All the memory management within Kratos is done through “Shared Pointers”. Essentially a shared pointer is an entity which holds a counter with the number of existing instances of an object. EVERY TIME a new Shared Pointer is created such counter is incremented or decremented to represent the number of living instances of the object pointed to.

A good description of the design and behaviour of shared_ptr can be found at the links:

In the practice when using Shared Pointers within Kratos one should be aware of their performance pitfalls so to be able to avoid them.

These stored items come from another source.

(* Let $G$ be a Lie group, $H\subseteq G$ a closed subgroup, and $\mathfrak{g}=\mathfrak{h}\oplus\mathfrak{m}$ a reductive decomposition. Equip $G/H$ with a $G$-invariant Riemannian metric (an $\mathrm{Ad}(H)$-invariant inner product $\langle\cdot,\cdot\rangle$ on $\mathfrak{m}$). Suppose $A$ is a $G$-invariant Codazzi tensor field on $G/H$, with $\langle\cdot,\cdot\rangle$-orthogonal eigenspace decomposition $\mathfrak{m}=\mathfrak{m}_1\oplus\cdots\oplus\mathfrak{m}_r$ on $\mathfrak{m}$, where $\mathfrak{m}_i$ corresponds to the eigenvalue $\lambda_i$ and $\lambda_1<\cdots<\lambda_r$. Then: (i) for $j\in\{1,r\}$ and every $Y\in\mathfrak{m}$, $\mathrm{Ric}^d(Y_j,Y_j)\le\mathrm{Ric}^d_j(Y_j,Y_j)$, where $Y_j$ is the $\mathfrak{m}_j$-component of $Y$; (ii) $\mathrm{s}^d_1+\cdots+\mathrm{s}^d_r=\mathrm{s}^d$.
   Context: A reductive decomposition means $\mathfrak{m}$ is an $\mathrm{Ad}(H)$-invariant vector space complement of $\mathfrak{h}$ in $\mathfrak{g}$; $[X,Y]_{\mathfrak{m}}$ is the $\mathfrak{m}$-component of $[X,Y]$ in $\mathfrak{g}=\mathfrak{h}\oplus\mathfrak{m}$, and $\mathfrak{m}\cong T_{eH}(G/H)$. $G$-invariant tensor fields correspond to $\mathrm{Ad}(H)$-invariant tensors on $\mathfrak{m}$. A Codazzi tensor field is a symmetric twice-covariant tensor field $A$ with $(\nabla_XA)(Y,Z)=(\nabla_YA)(X,Z)$ for all vector fields, $\nabla$ the Levi-Civita connection. The Levi-Civita product $\alpha:\mathfrak{m}\times\mathfrak{m}\to\mathfrak{m}$ is defined by $2\langle\alpha(X,Y),Z\rangle=\langle[X,Y]_{\mathfrak{m}},Z\rangle-\langle X,[Y,Z]_{\mathfrak{m}}\rangle-\langle[X,Z]_{\mathfrak{m}},Y\rangle$. The difference curvature tensor is $R^d=R-R^0$, where $R$ is the Riemann curvature at $eH$ and $R^0(X,Y)Z=-[[X,Y]_{\mathfrak{h}},Z]$ is the curvature of the canonical connection of the second kind; explicitly $R^d(X,Y)Z=\alpha(X,\alpha(Y,Z))-\alpha(Y,\alpha(X,Z))-\alpha([X,Y]_{\mathfrak{m}},Z)$ for $X,Y,Z\in\mathfrak{m}$. The difference Ricci tensor is $\mathrm{Ric}^d(Y,Z)=\mathrm{tr}(X\mapsto R^d(X,Y)Z)$ (trace over $\mathfrak{m}$), and $\mathrm{s}^d$ is its trace with respect to $\langle\cdot,\cdot\rangle$. Each eigenspace $\mathfrak{m}_i$ is closed under $[\cdot,\cdot]_{\mathfrak{m}}$ and $\alpha$, so for $Y_i,Z_i\in\mathfrak{m}_i$ the endomorphism $X\mapsto R^d(X,Y_i)Z_i$ of $\mathfrak{m}$ restricts to an endomorphism of $\mathfrak{m}_i$; $\mathrm{Ric}^d_i(Y_i,Z_i)$ is the trace of this restriction, and $\mathrm{s}^d_i$ is the trace of $\mathrm{Ric}^d_i$ with respect to $\langle\cdot,\cdot\rangle|_{\mathfrak{m}_i\times\mathfrak{m}_i}$. *)

theory Defs
  imports "HOL-Analysis.Analysis"
begin

text \<open>Algebraic data at the origin eH of a reductive homogeneous space G/H.
  The Lie algebra g is modelled by a finite-dimensional real vector space 'g
  (its own inner product is never used), with a Lie bracket brk, the subalgebra h
  and the complement m given as subspaces.\<close>

definition lie_bracket :: "('g::euclidean_space \<Rightarrow> 'g \<Rightarrow> 'g) \<Rightarrow> bool" where
  "lie_bracket brk \<longleftrightarrow> bilinear brk \<and> (\<forall>x y. brk x y = - brk y x) \<and>
     (\<forall>x y z. brk x (brk y z) + brk y (brk z x) + brk z (brk x y) = 0)"

definition reductive_decomp :: "('g::euclidean_space \<Rightarrow> 'g \<Rightarrow> 'g) \<Rightarrow> 'g set \<Rightarrow> 'g set \<Rightarrow> bool" where
  "reductive_decomp brk h m \<longleftrightarrow> lie_bracket brk \<and> subspace h \<and> subspace m \<and>
     h \<inter> m = {0} \<and> (\<forall>x. \<exists>a\<in>h. \<exists>X\<in>m. x = a + X) \<and>
     (\<forall>a\<in>h. \<forall>b\<in>h. brk a b \<in> h) \<and> (\<forall>a\<in>h. \<forall>X\<in>m. brk a X \<in> m)"

definition prm :: "'g::euclidean_space set \<Rightarrow> 'g set \<Rightarrow> 'g \<Rightarrow> 'g" where
  "prm h m x = (THE X. X \<in> m \<and> x - X \<in> h)"

text \<open>Symmetric bilinear form on m, invariant under ad(h) (infinitesimal Ad(H)-invariance).\<close>
definition inv_sym_form :: "('g::euclidean_space \<Rightarrow> 'g \<Rightarrow> 'g) \<Rightarrow> 'g set \<Rightarrow> 'g set \<Rightarrow> ('g \<Rightarrow> 'g \<Rightarrow> real) \<Rightarrow> bool" where
  "inv_sym_form brk h m B \<longleftrightarrow> bilinear B \<and> (\<forall>X Y. B X Y = B Y X) \<and>
     (\<forall>a\<in>h. \<forall>X\<in>m. \<forall>Y\<in>m. B (brk a X) Y + B X (brk a Y) = 0)"

definition inv_inner :: "('g::euclidean_space \<Rightarrow> 'g \<Rightarrow> 'g) \<Rightarrow> 'g set \<Rightarrow> 'g set \<Rightarrow> ('g \<Rightarrow> 'g \<Rightarrow> real) \<Rightarrow> bool" where
  "inv_inner brk h m ip \<longleftrightarrow> inv_sym_form brk h m ip \<and> (\<forall>X\<in>m. X \<noteq> 0 \<longrightarrow> ip X X > 0)"

definition lc_alpha :: "('g::euclidean_space \<Rightarrow> 'g \<Rightarrow> 'g) \<Rightarrow> 'g set \<Rightarrow> 'g set \<Rightarrow> ('g \<Rightarrow> 'g \<Rightarrow> real) \<Rightarrow> 'g \<Rightarrow> 'g \<Rightarrow> 'g" where
  "lc_alpha brk h m ip X Y = (THE W. W \<in> m \<and> (\<forall>Z\<in>m.
     2 * ip W Z = ip (prm h m (brk X Y)) Z - ip X (prm h m (brk Y Z)) - ip (prm h m (brk X Z)) Y))"

text \<open>Codazzi condition for the G-invariant tensor A at eH, using the Nomizu formula
  (nabla_X A)(Y,Z) = - A(alpha(X,Y),Z) - A(Y,alpha(X,Z)) for the Levi-Civita connection.\<close>
definition codazzi :: "('g::euclidean_space \<Rightarrow> 'g \<Rightarrow> 'g) \<Rightarrow> 'g set \<Rightarrow> 'g set \<Rightarrow> ('g \<Rightarrow> 'g \<Rightarrow> real) \<Rightarrow> ('g \<Rightarrow> 'g \<Rightarrow> real) \<Rightarrow> bool" where
  "codazzi brk h m ip A \<longleftrightarrow> (\<forall>X\<in>m. \<forall>Y\<in>m. \<forall>Z\<in>m.
     - A (lc_alpha brk h m ip X Y) Z - A Y (lc_alpha brk h m ip X Z)
     = - A (lc_alpha brk h m ip Y X) Z - A X (lc_alpha brk h m ip Y Z))"

definition eigsp :: "'g::euclidean_space set \<Rightarrow> ('g \<Rightarrow> 'g \<Rightarrow> real) \<Rightarrow> ('g \<Rightarrow> 'g \<Rightarrow> real) \<Rightarrow> real \<Rightarrow> 'g set" where
  "eigsp m ip A lam = {X \<in> m. \<forall>Y\<in>m. A X Y = lam * ip X Y}"

definition Rd :: "('g::euclidean_space \<Rightarrow> 'g \<Rightarrow> 'g) \<Rightarrow> 'g set \<Rightarrow> 'g set \<Rightarrow> ('g \<Rightarrow> 'g \<Rightarrow> real) \<Rightarrow> 'g \<Rightarrow> 'g \<Rightarrow> 'g \<Rightarrow> 'g" where
  "Rd brk h m ip X Y Z = (let al = lc_alpha brk h m ip in
     al X (al Y Z) - al Y (al X Z) - al (prm h m (brk X Y)) Z)"

definition lin_trace :: "'g::euclidean_space set \<Rightarrow> ('g \<Rightarrow> 'g) \<Rightarrow> real" where
  "lin_trace V f = (let B = (SOME B. independent B \<and> span B = V) in
     \<Sum>b\<in>B. real_vector.representation B (f b) b)"

definition form_trace :: "('g::euclidean_space \<Rightarrow> 'g \<Rightarrow> real) \<Rightarrow> 'g set \<Rightarrow> ('g \<Rightarrow> 'g \<Rightarrow> real) \<Rightarrow> real" where
  "form_trace ip V F = (let Ob = (SOME Ob. finite Ob \<and> Ob \<subseteq> V \<and> span Ob = V \<and>
        (\<forall>e\<in>Ob. \<forall>e'\<in>Ob. ip e e' = (if e = e' then 1 else 0))) in
     \<Sum>e\<in>Ob. F e e)"

text \<open>Difference Ricci tensor: trace over V (V = m gives Ric^d, V = m_i gives Ric^d_i).\<close>
definition Ricd :: "('g::euclidean_space \<Rightarrow> 'g \<Rightarrow> 'g) \<Rightarrow> 'g set \<Rightarrow> 'g set \<Rightarrow> ('g \<Rightarrow> 'g \<Rightarrow> real) \<Rightarrow> 'g set \<Rightarrow> 'g \<Rightarrow> 'g \<Rightarrow> real" where
  "Ricd brk h m ip V Y Z = lin_trace V (\<lambda>X. Rd brk h m ip X Y Z)"

text \<open>Difference scalar curvature s^d (V = m) and s^d_i (V = m_i).\<close>
definition sd :: "('g::euclidean_space \<Rightarrow> 'g \<Rightarrow> 'g) \<Rightarrow> 'g set \<Rightarrow> 'g set \<Rightarrow> ('g \<Rightarrow> 'g \<Rightarrow> real) \<Rightarrow> 'g set \<Rightarrow> real" where
  "sd brk h m ip V = form_trace ip V (Ricd brk h m ip V)"

definition dcomp :: "(nat \<Rightarrow> 'g::euclidean_space set) \<Rightarrow> nat \<Rightarrow> nat \<Rightarrow> 'g \<Rightarrow> 'g" where
  "dcomp M r j Y = (THE Z. \<exists>f. (\<forall>i\<in>{1..r}. f i \<in> M i) \<and> Y = (\<Sum>i=1..r. f i) \<and> Z = f j)"

end

theory Submission
  imports Defs
begin

(*
  Fix an orthonormal eigenbasis of A on m. Evaluated on eigenvectors X, Y, Z with eigenvalues
  x, y, z, the Codazzi equation says (y - z) <alpha(X,Y),Z> = (x - z) <alpha(Y,X),Z>.
  Hence alpha preserves every eigenspace, so R^d restricts to them, and the number
  w = (y - z) <alpha(X,Y),Z> is symmetric in X, Y, Z. For x ~= y the term <R^d(X,Y)Y,X>
  expands into a sum over basis vectors Z of c(x,y,z) w^2, where c = codazzi_coeff,
  c(x,y,z) = 2/((y - z)(x - z)) for pairwise distinct x, y, z and 0 otherwise.

  So Ric^d(Y,Y) - Ric^d_j(Y,Y) is a sum of (c(x,y,z) + c(z,y,x)) w^2, and
  c(x,y,z) + c(z,y,x) = -2/((y - x)(y - z)) <= 0 when y is the least or the largest
  eigenvalue. Likewise s^d - (s^d_1 + ... + s^d_r) is the sum of c(x,y,z) w^2 over all
  triples of basis vectors, which vanishes because the cyclic sum of c is zero.
*)

section \<open>Orthonormal bases and traces\<close>

lemma bilinear_sum_left: "bilinear f \<Longrightarrow> f (\<Sum>i\<in>I. g i) z = (\<Sum>i\<in>I. f (g i) z)"
  using linear_sum[of "\<lambda>x. f x z"] by (simp add: bilinear_def)

lemma bilinear_sum_right: "bilinear f \<Longrightarrow> f z (\<Sum>i\<in>I. g i) = (\<Sum>i\<in>I. f z (g i))"
  using linear_sum[of "\<lambda>x. f z x"] by (simp add: bilinear_def)

definition orthonormal_basis :: "('a::euclidean_space \<Rightarrow> 'a \<Rightarrow> real) \<Rightarrow> 'a set \<Rightarrow> 'a set \<Rightarrow> bool" where
  "orthonormal_basis ip V B \<longleftrightarrow> finite B \<and> B \<subseteq> V \<and> span B = V \<and>
     (\<forall>e\<in>B. \<forall>e'\<in>B. ip e e' = (if e = e' then 1 else 0))"

lemma orthonormal_basis_expansion:
  assumes B: "orthonormal_basis ip V B" and ip: "bilinear ip" and v: "v \<in> V"
  shows "v = (\<Sum>e\<in>B. ip v e *\<^sub>R e)"
proof -
  have fin: "finite B" and on: "\<And>e e'. e \<in> B \<Longrightarrow> e' \<in> B \<Longrightarrow> ip e e' = (if e = e' then 1 else 0)"
    using B unfolding orthonormal_basis_def by auto
  obtain u where u: "v = (\<Sum>e\<in>B. u e *\<^sub>R e)"
  proof -
    have "v \<in> range (\<lambda>u. \<Sum>e\<in>B. u e *\<^sub>R e)"
      using v B span_finite[OF fin] unfolding orthonormal_basis_def by simp
    thus ?thesis using that by blast
  qed
  have "ip v e' = u e'" if e': "e' \<in> B" for e'
  proof -
    have "ip v e' = (\<Sum>e\<in>B. u e * ip e e')"
      unfolding u bilinear_sum_left[OF ip] by (simp add: bilinear_lmul[OF ip])
    also have "\<dots> = (\<Sum>e\<in>B. if e = e' then u e else 0)"
      by (rule sum.cong) (auto simp: on e')
    finally show ?thesis using fin e' by simp
  qed
  thus ?thesis using u by simp
qed

lemma linear_orthonormal_basis_expansion:
  fixes L :: "'a::euclidean_space \<Rightarrow> real"
  assumes "orthonormal_basis ip V B" "bilinear ip" "linear L" "v \<in> V"
  shows "L v = (\<Sum>e\<in>B. ip v e * L e)"
proof -
  have "L v = L (\<Sum>e\<in>B. ip v e *\<^sub>R e)"
    using orthonormal_basis_expansion[OF assms(1,2,4)] by simp
  thus ?thesis by (simp add: linear_sum[OF assms(3)] linear_scale[OF assms(3)])
qed

lemma representation_orthonormal_basis_expansion:
  assumes C: "independent C" "span C = V" and B: "orthonormal_basis ip V B" and ip: "bilinear ip"
    and v: "v \<in> V"
  shows "representation C v c = (\<Sum>e\<in>B. ip v e * representation C e c)"
proof -
  have BV: "B \<subseteq> V" using B unfolding orthonormal_basis_def by auto
  have "representation C v = representation C (\<Sum>e\<in>B. ip v e *\<^sub>R e)"
    using orthonormal_basis_expansion[OF B ip v] by simp
  also have "\<dots> = (\<lambda>b. \<Sum>e\<in>B. representation C (ip v e *\<^sub>R e) b)"
    by (rule representation_sum[OF C(1)]) (use BV C in \<open>auto intro: span_scale\<close>)
  finally show ?thesis
    using BV C by (simp add: representation_scale subsetD)
qed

The use of an existing pointer does not imply any performance penalty with respect to a traditional pointer, HOWEVER while creating and destroying a traditional “c-style” pointer is a cheap operation, the creation or destruction of a shared point is relatively time consuming. This is so, as at the moment of creating/destructing a Shared Pointer the number of references to the object should be incremented or decremented, which implies an atomic operation if OpenMP parallelism is employed.

Within Kratos the great majority of shared_ptrs is stored in vectors, typically in the classes:

PointerVector (used as a basis for the "geometry" class)
PointerVectorSet (NodesContainerType, ElementsContainerType, ConditionsContainerType)
PointerVectorMap

All of such objects provide two distinct operators, [] and ().

OPERATOR []

It returns a reference to the object pointed by the underlying pointer. This operator should be used in most cases.

OPERATOR ()

It returns a pointer to the object, which will often require creating a copy of the pointer. This is often slow, only use it if you really need a pointer.

Similarly, avoid using GetGeometry().pGetNode(…) unless you really need a pointer, since this will imply allocating a new pointer and is hence an expensive operation.